MATERIALS PROVIDED
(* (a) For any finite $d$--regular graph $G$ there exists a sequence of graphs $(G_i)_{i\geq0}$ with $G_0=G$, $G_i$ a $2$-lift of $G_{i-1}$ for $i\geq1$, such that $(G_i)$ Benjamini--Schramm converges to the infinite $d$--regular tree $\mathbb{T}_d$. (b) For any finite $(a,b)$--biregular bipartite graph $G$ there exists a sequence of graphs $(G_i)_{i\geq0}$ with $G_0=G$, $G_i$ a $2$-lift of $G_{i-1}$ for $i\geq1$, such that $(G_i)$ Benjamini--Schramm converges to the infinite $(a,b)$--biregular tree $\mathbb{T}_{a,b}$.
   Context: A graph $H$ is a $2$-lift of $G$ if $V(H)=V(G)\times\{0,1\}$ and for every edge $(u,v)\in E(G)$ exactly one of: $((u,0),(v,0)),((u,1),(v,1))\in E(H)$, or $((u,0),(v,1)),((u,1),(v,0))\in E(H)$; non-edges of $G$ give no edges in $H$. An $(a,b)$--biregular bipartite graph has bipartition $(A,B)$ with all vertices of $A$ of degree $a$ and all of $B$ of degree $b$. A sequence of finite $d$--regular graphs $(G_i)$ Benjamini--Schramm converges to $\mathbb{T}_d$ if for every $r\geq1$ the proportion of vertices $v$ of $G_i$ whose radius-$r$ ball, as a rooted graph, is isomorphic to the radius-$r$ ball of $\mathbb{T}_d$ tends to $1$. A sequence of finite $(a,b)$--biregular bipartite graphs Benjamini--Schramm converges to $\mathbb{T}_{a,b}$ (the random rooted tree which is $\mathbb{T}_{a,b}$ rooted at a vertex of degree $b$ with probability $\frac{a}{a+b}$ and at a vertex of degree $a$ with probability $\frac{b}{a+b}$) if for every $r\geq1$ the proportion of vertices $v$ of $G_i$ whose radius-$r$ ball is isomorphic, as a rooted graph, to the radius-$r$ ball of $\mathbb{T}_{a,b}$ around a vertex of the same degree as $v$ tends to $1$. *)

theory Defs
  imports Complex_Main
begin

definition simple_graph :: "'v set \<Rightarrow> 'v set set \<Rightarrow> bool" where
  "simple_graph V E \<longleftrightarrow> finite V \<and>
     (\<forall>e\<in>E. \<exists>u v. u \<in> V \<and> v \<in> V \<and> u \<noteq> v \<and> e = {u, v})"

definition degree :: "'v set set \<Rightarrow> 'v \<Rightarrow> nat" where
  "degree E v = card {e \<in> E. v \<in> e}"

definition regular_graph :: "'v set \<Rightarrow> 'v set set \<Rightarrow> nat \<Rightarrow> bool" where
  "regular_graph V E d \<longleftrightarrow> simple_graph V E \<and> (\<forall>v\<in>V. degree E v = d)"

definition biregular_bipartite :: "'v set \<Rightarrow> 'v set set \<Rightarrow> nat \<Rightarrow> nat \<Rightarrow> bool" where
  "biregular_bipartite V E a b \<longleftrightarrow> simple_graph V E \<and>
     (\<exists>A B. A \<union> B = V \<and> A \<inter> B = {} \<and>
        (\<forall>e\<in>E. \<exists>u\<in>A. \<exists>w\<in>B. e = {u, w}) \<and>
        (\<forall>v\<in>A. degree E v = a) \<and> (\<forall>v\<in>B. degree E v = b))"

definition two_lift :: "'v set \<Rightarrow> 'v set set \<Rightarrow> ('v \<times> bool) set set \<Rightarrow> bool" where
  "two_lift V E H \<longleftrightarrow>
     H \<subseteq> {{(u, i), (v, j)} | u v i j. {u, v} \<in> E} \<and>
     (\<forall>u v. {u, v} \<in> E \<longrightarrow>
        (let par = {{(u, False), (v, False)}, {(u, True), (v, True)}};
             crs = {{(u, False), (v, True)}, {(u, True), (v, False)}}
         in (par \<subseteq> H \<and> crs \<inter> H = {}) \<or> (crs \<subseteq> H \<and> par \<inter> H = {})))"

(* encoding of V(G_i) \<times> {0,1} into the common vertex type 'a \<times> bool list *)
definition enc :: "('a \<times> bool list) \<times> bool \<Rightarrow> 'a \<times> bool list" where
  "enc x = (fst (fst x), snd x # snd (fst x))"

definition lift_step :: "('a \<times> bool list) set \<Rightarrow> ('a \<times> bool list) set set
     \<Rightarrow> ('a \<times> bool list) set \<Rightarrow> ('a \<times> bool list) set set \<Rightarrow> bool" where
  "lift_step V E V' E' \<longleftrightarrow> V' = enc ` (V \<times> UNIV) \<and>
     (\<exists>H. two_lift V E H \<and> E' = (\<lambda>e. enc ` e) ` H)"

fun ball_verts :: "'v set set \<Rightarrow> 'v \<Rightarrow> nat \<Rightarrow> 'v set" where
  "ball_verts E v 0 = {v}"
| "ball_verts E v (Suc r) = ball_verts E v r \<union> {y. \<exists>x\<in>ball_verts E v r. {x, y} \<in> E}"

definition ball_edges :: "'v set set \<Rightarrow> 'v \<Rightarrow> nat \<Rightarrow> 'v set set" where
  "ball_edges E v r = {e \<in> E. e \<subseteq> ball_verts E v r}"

WHAT YOU SHOULD DO
Everything above from the line containing "theory Defs" down to the line containing "(* encoding of" is to be transcribed exactly, with both of those lines included and nothing else added.

WRITTEN REPLY
theory Defs
  imports Complex_Main
begin

definition simple_graph :: "'v set \<Rightarrow> 'v set set \<Rightarrow> bool" where
  "simple_graph V E \<longleftrightarrow> finite V \<and>
     (\<forall>e\<in>E. \<exists>u v. u \<in> V \<and> v \<in> V \<and> u \<noteq> v \<and> e = {u, v})"

definition degree :: "'v set set \<Rightarrow> 'v \<Rightarrow> nat" where
  "degree E v = card {e \<in> E. v \<in> e}"

definition regular_graph :: "'v set \<Rightarrow> 'v set set \<Rightarrow> nat \<Rightarrow> bool" where
  "regular_graph V E d \<longleftrightarrow> simple_graph V E \<and> (\<forall>v\<in>V. degree E v = d)"

definition biregular_bipartite :: "'v set \<Rightarrow> 'v set set \<Rightarrow> nat \<Rightarrow> nat \<Rightarrow> bool" where
  "biregular_bipartite V E a b \<longleftrightarrow> simple_graph V E \<and>
     (\<exists>A B. A \<union> B = V \<and> A \<inter> B = {} \<and>
        (\<forall>e\<in>E. \<exists>u\<in>A. \<exists>w\<in>B. e = {u, w}) \<and>
        (\<forall>v\<in>A. degree E v = a) \<and> (\<forall>v\<in>B. degree E v = b))"

definition two_lift :: "'v set \<Rightarrow> 'v set set \<Rightarrow> ('v \<times> bool) set set \<Rightarrow> bool" where
  "two_lift V E H \<longleftrightarrow>
     H \<subseteq> {{(u, i), (v, j)} | u v i j. {u, v} \<in> E} \<and>
     (\<forall>u v. {u, v} \<in> E \<longrightarrow>
        (let par = {{(u, False), (v, False)}, {(u, True), (v, True)}};
             crs = {{(u, False), (v, True)}, {(u, True), (v, False)}}
         in (par \<subseteq> H \<and> crs \<inter> H = {}) \<or> (crs \<subseteq> H \<and> par \<inter> H = {})))"

(* encoding of V(G_i) \<times> {0,1} into the common vertex type 'a \<times> bool list *)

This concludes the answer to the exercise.